What is expected:
Give back the line that contains "(\<chi> i j." and every following line, exactly as they appear, through the end of the data.

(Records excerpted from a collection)
- - -
lemma omega_limit_frequently:
  assumes "z \<in> omega_limit T g y" "openin T U" "z \<in> U"
  shows "\<exists>k\<ge>N. (g ^^ k) y \<in> U"
proof -
  obtain r where r: "filterlim r at_top sequentially"
    and lim: "limitin T (\<lambda>k. (g ^^ r k) y) z sequentially"
    using assms(1) unfolding omega_limit_def by blast
  have "eventually (\<lambda>k. (g ^^ r k) y \<in> U) sequentially"
    using lim assms(2,3) unfolding limitin_def by blast
  moreover have "eventually (\<lambda>k. N \<le> r k) sequentially"
    using r filterlim_at_top by blast
  ultimately obtain k where "(g ^^ r k) y \<in> U" "N \<le> r k"
    using eventually_happens'[OF trivial_limit_sequentially eventually_conj] by blast
  then show ?thesis
    by blast
qed
(* The string equation comes from integrating (p_n p_{n-1})' w by parts: the left side gives n / a_n,
   and the right side, the integral of p_n p_{n-1} (x^3 + 2 t x) w, is evaluated with the recurrence
   x p_n = a_{n+1} p_{n+1} + a_n p_{n-1}. Since the t-derivative of w is -x^2 w, differentiating the
   normalisation of p_n^2 w in t gives k_n' / k_n = (a_n^2 + a_{n+1}^2) / 2 for the leading coefficient
   k_n of p_n, and a_n = k_{n-1} / k_n yields the Toda equation a_n' = a_n (a_{n-1}^2 - a_{n+1}^2) / 2.
   Differentiating once more, eliminating a_{n-2} and a_{n+2} with the string equations at n - 1 and
   n + 1 and then a_{n-1}^2 + a_{n+1}^2 with the one at n gives the equation for a_n'', of which
   Painleve IV for u = a_n^2 is a rewriting. Differentiability in t follows inductively from the
   recurrence, the moments of w being differentiable under the integral sign. *)

lemma poly_expansion_in_degree_basis:
  fixes P :: "nat \<Rightarrow> 'a::field poly"
  assumes deg: "\<And>i. degree (P i) = i" and nz: "\<And>i. P i \<noteq> 0" and "degree q \<le> n"
  shows "\<exists>c. q = (\<Sum>i\<le>n. smult (c i) (P i))"
  using \<open>degree q \<le> n\<close>
proof (induction n arbitrary: q)
  case 0
  have "P 0 = [:lead_coeff (P 0):]" "q = [:coeff q 0:]"
    using deg[of 0] 0 by (auto simp: degree_0_id)
  then have "q = smult (coeff q 0 / lead_coeff (P 0)) (P 0)"
    using nz[of 0] by (metis leading_coeff_0_iff nonzero_eq_divide_eq smult_pCons smult_0_right)
  then show ?case by auto
next
  case (Suc n)
  define c where "c = coeff q (Suc n) / lead_coeff (P (Suc n))"
  define r where "r = q - smult c (P (Suc n))"
  have "lead_coeff (P (Suc n)) \<noteq> 0"
    using nz by simp
  then have "coeff r (Suc n) = 0"
    using deg[of "Suc n"] by (simp add: r_def c_def)
  moreover have "degree r \<le> Suc n"
    using Suc.prems deg unfolding r_def by (intro degree_diff_le) auto
  ultimately have "degree r \<le> n"
    by (metis le_SucE leading_coeff_0_iff degree_0 nat.distinct(1))
  then obtain d where d: "r = (\<Sum>i\<le>n. smult (d i) (P i))"
    using Suc.IH by blast
  have "(\<Sum>i\<le>n. smult ((d(Suc n := c)) i) (P i)) = r"
    unfolding d by (intro sum.cong) auto
  then have "q = (\<Sum>i\<le>Suc n. smult ((d(Suc n := c)) i) (P i))"
    by (simp add: r_def)
  then show ?case by blast
qed

lemma abs_power_le_one_plus_even_power: "\<bar>x::real\<bar> ^ j \<le> 1 + x ^ (2 * j)"
proof (cases "\<bar>x\<bar> \<le> 1")
  case True
  then have "\<bar>x\<bar> ^ j \<le> 1" by (simp add: power_le_one)
  moreover have "0 \<le> x ^ (2 * j)" by (simp add: power_mult)
  ultimately show ?thesis by linarith
next
  case False
  then have "\<bar>x\<bar> ^ j \<le> \<bar>x\<bar> ^ (2 * j)" by (intro power_increasing) auto
  then show ?thesis by (simp add: power_even_abs)
qed

lemma abs_exp_minus_one_minus_le: "\<bar>exp y - 1 - y\<bar> \<le> (y::real)\<^sup>2 * exp \<bar>y\<bar>"
proof -
  obtain \<theta> where \<theta>: "\<bar>\<theta>\<bar> \<le> \<bar>y\<bar>" "exp y = (\<Sum>m<2. y ^ m / fact m) + exp \<theta> / fact 2 * y\<^sup>2"
    using Maclaurin_exp_le[of y 2] by blast
  then have "\<bar>exp y - 1 - y\<bar> = exp \<theta> / 2 * y\<^sup>2"
    by (simp add: eval_nat_numeral)
  also have "\<dots> \<le> exp \<bar>y\<bar> * y\<^sup>2"
  proof (intro mult_right_mono)
    have "exp \<theta> \<le> exp \<bar>y\<bar>"
      using \<theta>(1) by (simp add: abs_le_iff)
    then show "exp \<theta> / 2 \<le> exp \<bar>y\<bar>"
      using exp_gt_zero[of \<theta>] by linarith
  qed simp
  finally show ?thesis
    by (simp add: mult.commute)
qed

lemma real_differentiable_sqrt:
  fixes f :: "real \<Rightarrow> real"
  assumes "f differentiable (at t)" "f t > 0"
  shows "(\<lambda>s. sqrt (f s)) differentiable (at t)"
  using assms DERIV_chain2[OF DERIV_real_sqrt] unfolding real_differentiable_def by blast

lemma has_integral_derivative_vanishing_at_infinity:
  fixes F f :: "real \<Rightarrow> real"
  assumes deriv: "\<And>x. (F has_real_derivative f x) (at x)"
    and lim: "(F \<longlongrightarrow> 0) at_infinity" and int: "f integrable_on UNIV"
  shows "(f has_integral 0) UNIV"
proof -
  define I where "I = integral UNIV f"
  have I: "(f has_integral I) UNIV"
    using int unfolding I_def by (rule integrable_integral)
  have small: "\<bar>I\<bar> < 3 * e" if "e > 0" for e
  proof -
    have "\<forall>e>0. \<exists>B>0. \<forall>a b. ball 0 B \<subseteq> cbox a b \<longrightarrow> \<bar>integral (cbox a b) f - I\<bar> < e"
      using I unfolding has_integral_alt'[of f I UNIV] by simp
    then obtain B where "B > 0" and B: "\<And>a b. ball 0 B \<subseteq> cbox a b \<Longrightarrow> \<bar>integral (cbox a b) f - I\<bar> < e"
      using \<open>e > 0\<close> by blast
    obtain b where b: "\<And>x. b \<le> norm x \<Longrightarrow> \<bar>F x\<bar> < e"
      using lim \<open>e > 0\<close> unfolding tendsto_iff eventually_at_infinity by fastforce
    define R where "R = max B b + 1"
    have "(f has_integral (F R - F (- R))) {- R..R}"
      using deriv \<open>B > 0\<close> unfolding R_def
      by (intro fundamental_theorem_of_calculus)
         (auto simp: has_real_derivative_iff_has_vector_derivative[symmetric] intro: DERIV_subset)
    moreover have "ball 0 B \<subseteq> cbox (- R) R"
      by (auto simp: R_def dist_real_def)
    ultimately have "\<bar>(F R - F (- R)) - I\<bar> < e"
      using B[of "- R" R] by (simp add: integral_unique)
    moreover have "\<bar>F R\<bar> < e" "\<bar>F (- R)\<bar> < e"
      using b[of R] b[of "- R"] by (auto simp: R_def)
    ultimately show ?thesis by linarith
  qed
  have "I = 0"
    using small[of "\<bar>I\<bar> / 3"] by fastforce
  then show ?thesis
    using I by simp
qed
(* Let $d,p\ge1$ and, for $i=1,\dots,p$, let $\kappa_i>0$, $\alpha_i>d/2$ and $\mathcal{L}_i=(\kappa_i^2-\Delta)^{\alpha_i/2}$. For a real invertible $p\times p$ matrix $\mathbf{D}$, let $\mathbf{x}_{\mathbf{D}}$ denote a multivariate Matérn-SPDE field with dependence matrix $\mathbf{D}$, i.e. a stationary solution of $\mathbf{D}\,\mathrm{diag}(\mathcal{L}_1,\dots,\mathcal{L}_p)\mathbf{x}(\mathbf{s})=\dot{\boldsymbol{\mathcal{M}}}$. Two such fields with the same operators $\mathcal{L}_1,\dots,\mathcal{L}_p$ and dependence matrices $\mathbf{D}$ and $\hat{\mathbf{D}}$ have equal covariance functions if and only if $\mathbf{D}=\mathbf{Q}\hat{\mathbf{D}}$ for some orthogonal matrix $\mathbf{Q}$. Moreover, for every $\mathbf{D}$ it is always possible to find a triangular matrix $\hat{\mathbf{D}}$ such that the two models have the same covariance functions; in particular $\hat{\mathbf{D}}=\mathrm{chol}(\mathbf{D}^T\mathbf{D})$ is the unique upper-triangular choice with positive diagonal elements.
   Context: $\Delta$ is the Laplacian on $\mathbb{R}^d$; $(\kappa^2-\Delta)^{\alpha/2}$ is defined via the Fourier transform, $\mathcal{F}((\kappa^2-\Delta)^{\alpha/2}\varphi)(\mathbf{k})=(\kappa^2+\|\mathbf{k}\|^2)^{\alpha/2}\mathcal{F}(\varphi)(\mathbf{k})$, and the SPDE is understood in the weak sense, with only stationary solutions considered. The driving noise $\dot{\boldsymbol{\mathcal{M}}}=(\dot{\mathcal{M}}_1,\dots,\dot{\mathcal{M}}_p)^T$ consists of mutually uncorrelated $L_2$-valued independently scattered random measures with unit variance, $\mathrm{Cov}(\mathcal{M}_i(A),\mathcal{M}_j(B))=\delta_{ij}|A\cap B|$ (the same noise law is used for both fields). For a symmetric positive definite matrix $\mathbf{A}$, $\mathrm{chol}(\mathbf{A})$ denotes the upper-triangular matrix $\mathbf{U}$ with positive diagonal satisfying $\mathbf{U}^T\mathbf{U}=\mathbf{A}$. *)

theory Defs
  imports "HOL-Analysis.Analysis"
begin

definition matern_pair_density ::
  "('p \<Rightarrow> real) \<Rightarrow> ('p \<Rightarrow> real) \<Rightarrow> 'p \<Rightarrow> 'p \<Rightarrow> real^'d \<Rightarrow> real" where
  "matern_pair_density \<kappa> \<alpha> i j k =
     (\<kappa> i ^ 2 + (norm k)^2) powr (- \<alpha> i / 2) * (\<kappa> j ^ 2 + (norm k)^2) powr (- \<alpha> j / 2)"

text \<open>Cross-covariance between G_i * W and G_j * W for a single unit white noise W, where
  G_i is the Green function of L_i = (kappa_i^2 - Delta)^(alpha_i/2):
  (2 pi)^(-d) times the integral of exp(i k.h) times the pair density over R^d
  (the density is even in k, so only the cosine part survives).\<close>
definition matern_pair_cov ::
  "('p \<Rightarrow> real) \<Rightarrow> ('p \<Rightarrow> real) \<Rightarrow> 'p \<Rightarrow> 'p \<Rightarrow> real^'d \<Rightarrow> real" where
  "matern_pair_cov \<kappa> \<alpha> i j h =
     (1 / (2 * pi) ^ CARD('d)) *
     (LINT k|lborel. cos (k \<bullet> h) * matern_pair_density \<kappa> \<alpha> i j k)"

text \<open>Matrix covariance function C(h) = E[x(s+h) x(s)^T] of the stationary solution
  x = diag(L_1,...,L_p)^(-1) D^(-1) M of  D diag(L_1,...,L_p) x = M, where M has p mutually
  uncorrelated unit-variance white-noise components:
  C(h)_{ij} = (sum_l (D^-1)_{il} (D^-1)_{jl}) * matern_pair_cov i j h.\<close>
definition matern_spde_cov ::
  "('p::finite \<Rightarrow> real) \<Rightarrow> ('p \<Rightarrow> real) \<Rightarrow> real^'p^'p \<Rightarrow> real^'d \<Rightarrow> real^'p^'p" where
  "matern_spde_cov \<kappa> \<alpha> D h =
     (\<chi> i j. (matrix_inv D ** transpose (matrix_inv D)) $ i $ j * matern_pair_cov \<kappa> \<alpha> i j h)"

definition upper_triangular :: "real^('p::{finite,linorder})^('p::{finite,linorder}) \<Rightarrow> bool" where
  "upper_triangular U \<longleftrightarrow> (\<forall>i j. j < i \<longrightarrow> U $ i $ j = 0)"

definition lower_triangular :: "real^('p::{finite,linorder})^('p::{finite,linorder}) \<Rightarrow> bool" where
  "lower_triangular U \<longleftrightarrow> (\<forall>i j. i < j \<longrightarrow> U $ i $ j = 0)"

definition chol :: "real^('p::{finite,linorder})^('p::{finite,linorder}) \<Rightarrow> real^('p::{finite,linorder})^('p::{finite,linorder})" where
  "chol A = (THE U. upper_triangular U \<and> (\<forall>i. U $ i $ i > 0) \<and> transpose U ** U = A)"

end

theory Submission
  imports Defs
begin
- - -
Response for this exercise:
     (\<chi> i j. (matrix_inv D ** transpose (matrix_inv D)) $ i $ j * matern_pair_cov \<kappa> \<alpha> i j h)"

definition upper_triangular :: "real^('p::{finite,linorder})^('p::{finite,linorder}) \<Rightarrow> bool" where
  "upper_triangular U \<longleftrightarrow> (\<forall>i j. j < i \<longrightarrow> U $ i $ j = 0)"

definition lower_triangular :: "real^('p::{finite,linorder})^('p::{finite,linorder}) \<Rightarrow> bool" where
  "lower_triangular U \<longleftrightarrow> (\<forall>i j. i < j \<longrightarrow> U $ i $ j = 0)"

definition chol :: "real^('p::{finite,linorder})^('p::{finite,linorder}) \<Rightarrow> real^('p::{finite,linorder})^('p::{finite,linorder})" where
  "chol A = (THE U. upper_triangular U \<and> (\<forall>i. U $ i $ i > 0) \<and> transpose U ** U = A)"

end

theory Submission
  imports Defs
begin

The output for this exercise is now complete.